++++ Input material ++++
lemma least_enat_le: "P n \<Longrightarrow> least_enat P \<le> enat n"
  unfolding least_enat_def by (auto intro: Least_le)

lemma least_enat_finite:
  assumes "least_enat P \<noteq> \<infinity>"
  obtains n where "least_enat P = enat n" "P n"
proof -
  have "\<exists>n. P n" using assms unfolding least_enat_def by presburger
  then show thesis using that LeastI_ex[of P] unfolding least_enat_def by simp
qed

lemma least_enat_nonzero: "\<not> P 0 \<Longrightarrow> least_enat P \<noteq> 0"
  by (metis least_enat_finite enat_0_iff(1) infinity_ne_i0)

lemma least_enat_mult_le:
  assumes "\<And>n1 n2. P1 n1 \<Longrightarrow> P2 n2 \<Longrightarrow> P (n1 * n2)" and "\<not> P1 0" "\<not> P2 0"
  shows "least_enat P \<le> least_enat P1 * least_enat P2"
proof (cases "least_enat P1 = \<infinity> \<or> least_enat P2 = \<infinity>")
  case True
  then have "least_enat P1 * least_enat P2 = \<infinity>"
    using least_enat_nonzero[of P1] least_enat_nonzero[of P2] assms(2,3)
    by (auto simp: imult_is_infinity)
  then show ?thesis by simp
next
  case False
  then obtain n1 n2 where "least_enat P1 = enat n1" "P1 n1" "least_enat P2 = enat n2" "P2 n2"
    by (metis least_enat_finite)
  then show ?thesis
    using least_enat_le[of P "n1 * n2"] assms(1) by simp
qed

theorem theorem3p3:
  fixes C1 :: "('o1, 'm1) cat" and C2 :: "('o2, 'm2) cat"
  assumes "is_category C1" and "is_category C2"
    and "all_mono C1" and "all_mono C2"
    and "\<forall>A\<in>Ob C1. \<forall>B\<in>Ob C1. finite (Hom C1 A B)"
    and "\<forall>A\<in>Ob C2. \<forall>B\<in>Ob C2. finite (Hom C2 A B)"
    and "\<forall>A\<in>Ob C1. ramsey_deg C1 A \<noteq> \<infinity>"
    and "\<forall>A\<in>Ob C2. ramsey_deg C2 A \<noteq> \<infinity>"
    and "A1 \<in> Ob C1" and "A2 \<in> Ob C2"
  shows "ramsey_deg (prod_cat C1 C2) (A1, A2) \<le> ramsey_deg C1 A1 * ramsey_deg C2 A2
    \<and> ramsey_deg_sim (prod_cat C1 C2) (A1, A2) \<le> ramsey_deg_sim C1 A1 * ramsey_deg_sim C2 A2"
  unfolding ramsey_deg_eq_least_enat ramsey_deg_sim_eq_least_enat
proof (intro conjI; rule least_enat_mult_le)
  fix n1 n2
  assume n1: "0 < n1 \<and> ramsey_bound C1 id A1 n1" and n2: "0 < n2 \<and> ramsey_bound C2 id A2 n2"
  have "ramsey_bound (prod_cat C1 C2) id (A1, A2) (n1 * n2)"
    by (rule ramsey_bound_prod_cat[OF assms(1,2,6,9,10) n1[THEN conjunct2] n2[THEN conjunct2]
          n1[THEN conjunct1], where g = Pair]) simp
  with n1 n2 show "0 < n1 * n2 \<and> ramsey_bound (prod_cat C1 C2) id (A1, A2) (n1 * n2)"
    by simp
next
  fix n1 n2
  assume n1: "0 < n1 \<and> ramsey_bound C1 (cls C1 A1) A1 n1"
    and n2: "0 < n2 \<and> ramsey_bound C2 (cls C2 A2) A2 n2"
  have "ramsey_bound (prod_cat C1 C2) (cls (prod_cat C1 C2) (A1, A2)) (A1, A2) (n1 * n2)"
    by (rule ramsey_bound_prod_cat[OF assms(1,2,6,9,10) n1[THEN conjunct2] n2[THEN conjunct2]
          n1[THEN conjunct1], where g = "\<lambda>c1 c2. c1 \<times> c2"]) (rule cls_prod_cat)
  with n1 n2 show "0 < n1 * n2
      \<and> ramsey_bound (prod_cat C1 C2) (cls (prod_cat C1 C2) (A1, A2)) (A1, A2) (n1 * n2)"
    by simp
qed simp_all
lemma split_quadruple:
  "n + 4 \<le> length w \<Longrightarrow> w = take n w @ [w ! n, w ! (n+1), w ! (n+2), w ! (n+3)] @ drop (n+4) w"
proof -
  assume "n + 4 \<le> length w"
  then have "take (n+4) w = take n w @ [w ! n, w ! (n+1), w ! (n+2), w ! (n+3)]"
    by (simp add: take_Suc_conv_app_nth numeral_eq_Suc)
  then show ?thesis by (metis append.assoc append_take_drop_id)
qed

lemma reduce_swap_pair:
  assumes w: "w \<in> mlwords (2*k+3)" and l: "l \<le> k" and gt: "w ! (2*l+1) < w ! (2*l)"
  obtains w' where "(w', w) \<in> lex less_than" "w' \<in> mlwords (2*k+3)" "hb w + hb w' \<in> Q k"
proof -
  define a where "a = take (2*l) w"
  define b where "b = drop (2*l+2) w"
  let ?p = "w ! (2*l)" and ?q = "w ! (2*l+1)"
  have ws: "w = a @ [?p, ?q] @ b"
    unfolding a_def b_def using split_pair[of "2*l" w] length_mlwords[OF w] l by simp
  have la: "length a = 2*(l+1) - 2" using length_mlwords[OF w] l by (simp add: a_def)
  show ?thesis
  proof (rule that)
    show "(a @ [?q, ?p] @ b, w) \<in> lex less_than"
      using lex_append_less[of "?p # b" "?q # b" ?q ?p a] gt ws by simp
    show "a @ [?q, ?p] @ b \<in> mlwords (2*k+3)"
      using mlwords_swap_pair[of a ?p ?q b] w ws by simp
    show "hb w + hb (a @ [?q, ?p] @ b) \<in> Q k"
      using Q_swap_pair[of a ?p ?q b k "l+1"] w ws l la by simp
  qed
qed

lemma reduce_swap_pairs:
  assumes w: "w \<in> mlwords (2*k+3)" and l: "Suc l < k" and gt: "w ! (2*l+2) < w ! (2*l)"
  obtains w' where "(w', w) \<in> lex less_than" "w' \<in> mlwords (2*k+3)" "hb w - hb w' \<in> Q k"
proof -
  define a where "a = take (2*l) w"
  define b where "b = drop (2*l+4) w"
  let ?p = "w ! (2*l)" and ?q = "w ! (2*l+1)" and ?r = "w ! (2*l+2)" and ?s = "w ! (2*l+3)"
  have ws: "w = a @ [?p, ?q, ?r, ?s] @ b"
    unfolding a_def b_def using split_quadruple[of "2*l" w] length_mlwords[OF w] l by simp
  have la: "length a = 2*(l+2) - 4" using length_mlwords[OF w] l by (simp add: a_def)
  show ?thesis
  proof (rule that)
    show "(a @ [?r, ?s, ?p, ?q] @ b, w) \<in> lex less_than"
      using lex_append_less[of "[?s, ?p, ?q] @ b" "[?q, ?r, ?s] @ b" ?r ?p a] gt ws by simp
    show "a @ [?r, ?s, ?p, ?q] @ b \<in> mlwords (2*k+3)"
      using mlwords_swap_pairs[of a ?p ?q ?r ?s b] w ws by simp
    show "hb w - hb (a @ [?r, ?s, ?p, ?q] @ b) \<in> Q k"
      using Q_swap_pairs[of a ?p ?q ?r ?s b k "l+2"] w ws l la by simp
  qed
qed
++++
Copy out the lines of the data where the word "auto" can be found.

  unfolding least_enat_def by (auto intro: Least_le)
    by (auto simp: imult_is_infinity)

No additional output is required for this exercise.